Take each line of the data that contains the string "gradL" and copy it.

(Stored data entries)
===============

(* Consider the stochastic quadratic problem with symmetric positive definite $Q=(q_{ij})\in\mathbb{R}^{d\times d}$ having eigenvalues $\lambda_1,\dots,\lambda_d>0$, and fix $\theta$. For the stochastic direction $z=-\operatorname{sign}(g(\theta))$, the expected improvement with optimal step size satisfies $$\mathcal{I}_{\mathrm{SSD}}(\theta)\ge\frac12\,\frac{\Big(\sum_{i=1}^d(2\rho_i-1)\,|\nabla\mathcal{L}(\theta)_i|\Big)^2}{\sum_{i=1}^d\lambda_i}\;p_{\mathrm{diag}}(Q),$$ where $\rho_i=\mathbf{P}[\operatorname{sign}(g(\theta)_i)=\operatorname{sign}(\nabla\mathcal{L}(\theta)_i)]$ and $p_{\mathrm{diag}}(Q)=\big(\sum_{i=1}^d|q_{ii}|\big)/\big(\sum_{i,j=1}^d|q_{ij}|\big)$.
   Context: Stochastic quadratic problem (sQP): loss $\ell(\theta;x)=\frac12(\theta-x)^TQ(\theta-x)$ with data $x\sim\mathcal{N}(x^\ast,\nu^2I)$, $\nu\ge0$; objective $\mathcal{L}(\theta)=\mathbf{E}_x[\ell(\theta;x)]$, with $\nabla\mathcal{L}(\theta)=Q(\theta-x^\ast)$; stochastic gradient $g(\theta)=Q(\theta-x)\sim\mathcal{N}(\nabla\mathcal{L}(\theta),\nu^2QQ)$. $\operatorname{sign}$ is applied element-wise with $\operatorname{sign}(0)=1$. For a random direction $z$ with $\mathbf{E}[z^TQz]>0$, the expected improvement with the optimal step size $\alpha_\ast=-\nabla\mathcal{L}(\theta)^T\mathbf{E}[z]/\mathbf{E}[z^TQz]$ is $\mathcal{I}(\theta):=|\mathbf{E}[\mathcal{L}(\theta+\alpha_\ast z)]-\mathcal{L}(\theta)|=\frac{(\nabla\mathcal{L}(\theta)^T\mathbf{E}[z])^2}{2\,\mathbf{E}[z^TQz]}$. *)

theory Defs
  imports "HOL-Probability.Probability"
begin

definition sgn1 :: "real \<Rightarrow> real" where
  "sgn1 t = (if t \<ge> 0 then 1 else -1)"

definition sqp_data :: "real^'d \<Rightarrow> real \<Rightarrow> (real^'d) measure" where
  "sqp_data xstar \<nu> =
     (if \<nu> = 0 then return borel xstar
      else density lborel (\<lambda>x. ennreal (\<Prod>i\<in>UNIV. normal_density (xstar $ i) \<nu> (x $ i))))"

definition sqp_loss :: "real^'d^'d \<Rightarrow> real^'d \<Rightarrow> real^'d \<Rightarrow> real" where
  "sqp_loss Q \<theta> x = 1/2 * ((\<theta> - x) \<bullet> (Q *v (\<theta> - x)))"

definition sqp_grad :: "real^'d^'d \<Rightarrow> real^'d \<Rightarrow> real^'d \<Rightarrow> real^'d" where
  "sqp_grad Q xstar \<theta> = Q *v (\<theta> - xstar)"

definition sqp_stoch_grad :: "real^'d^'d \<Rightarrow> real^'d \<Rightarrow> real^'d \<Rightarrow> real^'d" where
  "sqp_stoch_grad Q \<theta> x = Q *v (\<theta> - x)"

definition exp_improvement ::
  "(real^'d) measure \<Rightarrow> real^'d^'d \<Rightarrow> real^'d \<Rightarrow> (real^'d \<Rightarrow> real^'d) \<Rightarrow> real" where
  "exp_improvement M Q gradL z =
     (gradL \<bullet> (\<integral>x. z x \<partial>M))\<^sup>2 / (2 * (\<integral>x. z x \<bullet> (Q *v z x) \<partial>M))"

definition ssd_dir :: "real^'d^'d \<Rightarrow> real^'d \<Rightarrow> real^'d \<Rightarrow> real^'d" where
  "ssd_dir Q \<theta> x = (\<chi> i. - sgn1 (sqp_stoch_grad Q \<theta> x $ i))"

definition ssd_improvement :: "real^'d^'d \<Rightarrow> real^'d \<Rightarrow> real \<Rightarrow> real^'d \<Rightarrow> real" where
  "ssd_improvement Q xstar \<nu> \<theta> =
     exp_improvement (sqp_data xstar \<nu>) Q (sqp_grad Q xstar \<theta>) (ssd_dir Q \<theta>)"

definition sign_agree_prob :: "real^'d^'d \<Rightarrow> real^'d \<Rightarrow> real \<Rightarrow> real^'d \<Rightarrow> 'd \<Rightarrow> real" where
  "sign_agree_prob Q xstar \<nu> \<theta> i =
     measure (sqp_data xstar \<nu>)
       {x. sgn1 (sqp_stoch_grad Q \<theta> x $ i) = sgn1 (sqp_grad Q xstar \<theta> $ i)}"

definition p_diag :: "real^'d^'d \<Rightarrow> real" where
  "p_diag Q = (\<Sum>i\<in>UNIV. \<bar>Q $ i $ i\<bar>) / (\<Sum>i\<in>UNIV. \<Sum>j\<in>UNIV. \<bar>Q $ i $ j\<bar>)"

definition diag_mat :: "('d \<Rightarrow> real) \<Rightarrow> real^'d^'d" where
  "diag_mat l = (\<chi> i j. if i = j then l i else 0)"

end

theory Submission
  imports Defs
begin

(* Every component of z = -sign(g) is +1 or -1. Hence E[z_i] = -sign(grad_i) (2 rho_i - 1), so
   the numerator (grad^T E[z])^2 is exactly (sum_i (2 rho_i - 1) |grad_i|)^2, while pointwise
   0 < z^T Q z <= sum_ij |q_ij| bounds the denominator. The diagonal of a positive definite Q is
   positive, so sum_i |q_ii| = tr Q = sum_i lambda_i, and dividing by sum_ij |q_ij| is the same as
   dividing by sum_i lambda_i and multiplying by p_diag(Q). *)

lemma abs_sgn1 [simp]: "\<bar>sgn1 t\<bar> = 1"
  by (simp add: sgn1_def)

lemma sgn1_mult_abs: "sgn1 t * \<bar>t\<bar> = t"
  by (simp add: sgn1_def)

lemma borel_measurable_sgn1 [measurable]: "sgn1 \<in> borel_measurable borel"
  unfolding sgn1_def[abs_def] by measurable

lemma sets_sqp_data [measurable_cong]: "sets (sqp_data xstar \<nu>) = sets borel"
  by (simp add: sqp_data_def)

lemma space_sqp_data [simp]: "space (sqp_data xstar \<nu>) = UNIV"
  using sets_eq_imp_space_eq[OF sets_sqp_data] by simp

lemma borel_measurable_stoch_grad_nth [measurable]:
  "(\<lambda>x. sqp_stoch_grad Q \<theta> x $ i) \<in> borel_measurable borel"
  unfolding sqp_stoch_grad_def
  by (intro borel_measurable_continuous_onI continuous_intros
        bounded_linear.continuous_on[OF matrix_vector_mul_bounded_linear])

lemma borel_measurable_cart:
  fixes f :: "'a \<Rightarrow> real^'n"
  assumes "\<And>i. (\<lambda>x. f x $ i) \<in> borel_measurable M"
  shows "f \<in> borel_measurable M"
proof (subst borel_measurable_euclidean_space, intro ballI)
  fix b :: "real^'n" assume "b \<in> Basis"
  then obtain i where "b = axis i 1" by (auto simp: Basis_vec_def)
  then show "(\<lambda>x. f x \<bullet> b) \<in> borel_measurable M"
    using assms by (simp add: inner_axis)
qed

lemma borel_measurable_ssd_dir [measurable]:
  "ssd_dir Q \<theta> \<in> borel_measurable (sqp_data xstar \<nu>)"
  by (rule borel_measurable_cart) (simp add: ssd_dir_def, measurable)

===============

Reply:
  "exp_improvement M Q gradL z =
     (gradL \<bullet> (\<integral>x. z x \<partial>M))\<^sup>2 / (2 * (\<integral>x. z x \<bullet> (Q *v z x) \<partial>M))"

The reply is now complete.